El cuerpo que yace inerte,
ensangrentado, sobre el piso del patio, es el de un niño, que no alcanzó a
llorar, torpe manera que tenemos los humanos de anunciar al mundo nuestra
llegada, ni tuvo tiempo de reír, y
aprender que risa y llanto son solo dos formas de celebrar la vida. Este niño que
no pudo ser observado por los ojos de Dios para que su mano misericordiosa
impidiese el impacto de un inocente contra el suelo, como ya ha sucedido en
otros tiempos bajo el reinado de Herodes, que quizás, y no hay prueba de ello,
haya escuchado los desgarradores gritos de
su madre unos segundos antes, llevándose de este mundo al otro lo que
significan desesperación, humanidad, piedad, redención.
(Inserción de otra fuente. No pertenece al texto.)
lemma sum_dougall_coeff_Hx_sq:
  assumes n: "n = Suc m"
    and den: "\<And>k. k \<le> n \<Longrightarrow> pochhammer (2*x + 1 + of_nat n) (Suc k) \<noteq> 0"
    and x1: "\<And>j. 1 \<le> j \<Longrightarrow> j \<le> n \<Longrightarrow> x + of_nat j \<noteq> 0"
  shows "(\<Sum>k=0..n. dougall_coeff x n k * Hx k x ^ 2)
     = pochhammer (2*x + 1) n * fact m / (2 * pochhammer (x + 1) n ^ 2) * (Hx m 0 - Hx n x)"
proof (rule eq_if_eventually_eq_at[where f = "\<lambda>y. \<Sum>k=0..n. dougall_coeff y n k * Hx k y ^ 2"])
  show "eventually (\<lambda>y. (\<Sum>k=0..n. dougall_coeff y n k * Hx k y ^ 2)
      = pochhammer (2*y + 1) n * fact m / (2 * pochhammer (y + 1) n ^ 2) * (Hx m 0 - Hx n y)) (at x)"
    using eventually_at_generic[of n x]
  proof eventually_elim
    case (elim y)
    then show ?case by (intro sum_dougall_coeff_Hx_sq_generic[OF n]) auto
  qed
  have H: "((\<lambda>y. Hx k y) \<longlongrightarrow> Hx k x) (at x)" if "k \<le> n" for k
    by (rule tendsto_Hx_at) (use x1 that in auto)
  have "pochhammer (x + 1) n \<noteq> 0"
  proof (rule pochhammer_neq_0_if)
    show "x + 1 + of_nat i \<noteq> 0" if "i < n" for i
      using x1[of "Suc i"] that by (simp add: add_ac)
  qed
  then show "((\<lambda>y. pochhammer (2*y + 1) n * fact m / (2 * pochhammer (y + 1) n ^ 2) * (Hx m 0 - Hx n y))
      \<longlongrightarrow> pochhammer (2*x + 1) n * fact m / (2 * pochhammer (x + 1) n ^ 2) * (Hx m 0 - Hx n x)) (at x)"
    by (intro tendsto_intros tendsto_pochhammer H) auto
  show "((\<lambda>y. \<Sum>k=0..n. dougall_coeff y n k * Hx k y ^ 2) \<longlongrightarrow> (\<Sum>k=0..n. dougall_coeff x n k * Hx k x ^ 2)) (at x)"
    unfolding dougall_coeff_def by (intro tendsto_intros tendsto_pochhammer H) (use den in auto)
qed

lemma gbinomial_ratio_eq_dougall_coeff:
  "(-1)^k * of_nat (n choose k)
     * (((2*x + of_nat k) gchoose k) / ((2*x + of_nat n + of_nat k) gchoose k))
     * ((1 + 2*x + 2 * of_nat k) / (1 + 2*x + of_nat n + of_nat k))
   = dougall_coeff x n k"
proof -
  have g1: "(2*x + of_nat k) gchoose k = pochhammer (2*x + 1) k / fact k"
    and g2: "(2*x + of_nat n + of_nat k) gchoose k = pochhammer (2*x + 1 + of_nat n) k / fact k"
    by (simp_all add: gbinomial_pochhammer' algebra_simps)
  have p: "pochhammer (2*x + 1 + of_nat n) (Suc k)
      = (1 + 2*x + of_nat n + of_nat k) * pochhammer (2*x + 1 + of_nat n) k"
    by (simp add: pochhammer_rec' algebra_simps)
  show ?thesis
    unfolding dougall_coeff_def g1 g2 p by (simp add: field_simps)
qed

lemma gbinomial_ratio_eq_pochhammer_ratio:
  fixes x :: complex
  assumes n: "n = Suc m"
  shows "1 / (2 * of_nat n) * (((2*x + of_nat n) gchoose n) / ((x + of_nat n) gchoose n)^2)
     = pochhammer (2*x + 1) n * fact m / (2 * pochhammer (x + 1) n ^ 2)"
proof -
  have "fact n = (of_nat n * fact m :: complex)" unfolding n by simp
  then have "(2*x + of_nat n) gchoose n = pochhammer (2*x + 1) n / (of_nat n * fact m)"
    "(x + of_nat n) gchoose n = pochhammer (x + 1) n / (of_nat n * fact m)"
    by (simp_all add: gbinomial_pochhammer')
  moreover have "1 / (2 * N) * ((A / (N * F)) / (B / (N * F))^2) = A * F / (2 * B^2)"
    if "N \<noteq> 0" "F \<noteq> 0" for A B N F :: complex
    using that by (cases "B = 0") (simp_all add: field_simps power2_eq_square)
  moreover have "(of_nat n :: complex) \<noteq> 0" "(fact m :: complex) \<noteq> 0" using n by (simp_all del: of_nat_Suc)
  ultimately show ?thesis by simp
qed

theorem theorem7:
  fixes n :: nat and x :: complex
  assumes "n \<ge> 1"
    and "\<And>j. 1 \<le> j \<Longrightarrow> j \<le> n \<Longrightarrow> x + of_nat j \<noteq> 0"
    and "\<And>k. k \<le> n \<Longrightarrow> (2*x + of_nat n + of_nat k) gchoose k \<noteq> 0"
    and "\<And>k. k \<le> n \<Longrightarrow> 1 + 2*x + of_nat n + of_nat k \<noteq> 0"
    and "(x + of_nat n) gchoose n \<noteq> 0"
  shows "(\<Sum>k=0..n. (-1)^k * of_nat (n choose k)
            * (((2*x + of_nat k) gchoose k) / ((2*x + of_nat n + of_nat k) gchoose k))
            * ((1 + 2*x + 2 * of_nat k) / (1 + 2*x + of_nat n + of_nat k))
            * (Hx k x)^2)
       = 1 / (2 * of_nat n) * (((2*x + of_nat n) gchoose n) / ((x + of_nat n) gchoose n)^2)
           * (Hx (n - 1) 0 - Hx n x)"
proof -
  obtain m where n: "n = Suc m" using assms(1) by (cases n) auto
  have "pochhammer (2*x + 1 + of_nat n) (Suc k) \<noteq> 0" if "k \<le> n" for k
  proof -
    have "(2*x + of_nat n + of_nat k) gchoose k = pochhammer (2*x + 1 + of_nat n) k / fact k"
      by (simp add: gbinomial_pochhammer' algebra_simps)
    with assms(3,4)[OF that] show ?thesis
      unfolding pochhammer_rec' by (simp add: add_ac)
  qed
  from sum_dougall_coeff_Hx_sq[OF n this assms(2)] show ?thesis
    unfolding gbinomial_ratio_eq_dougall_coeff gbinomial_ratio_eq_pochhammer_ratio[OF n]
    using n by simp
qed

end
Murió tan violentamente como
ha nacido, la sangre derramada de la pequeña cabeza dan cuenta de ello, apartado
de los cuidados médicos, de las reglas de asepsia obligatorias, de la espera y
bienvenida de los seres queridos, que tampoco sabrán de esta muerte. Su madre
lo ha expulsado del vientre sin que pudieran sus manos darle cobijo en su
llegada ni protección en su caída, sin voluntad, rota como ha quedado, después
de un peregrinaje eterno, luego de recorrer pasillos y celdas, escuchar voces
desconocidas y alaridos de dolor, de órdenes e interrogatorios, de súplicas que
nadie oye, confusa la mente y alborotado el cuerpo, incapaz para diferenciar si
las contracciones son las naturales alarmas del cuerpo o los espasmos y
convulsiones que provocan la picana.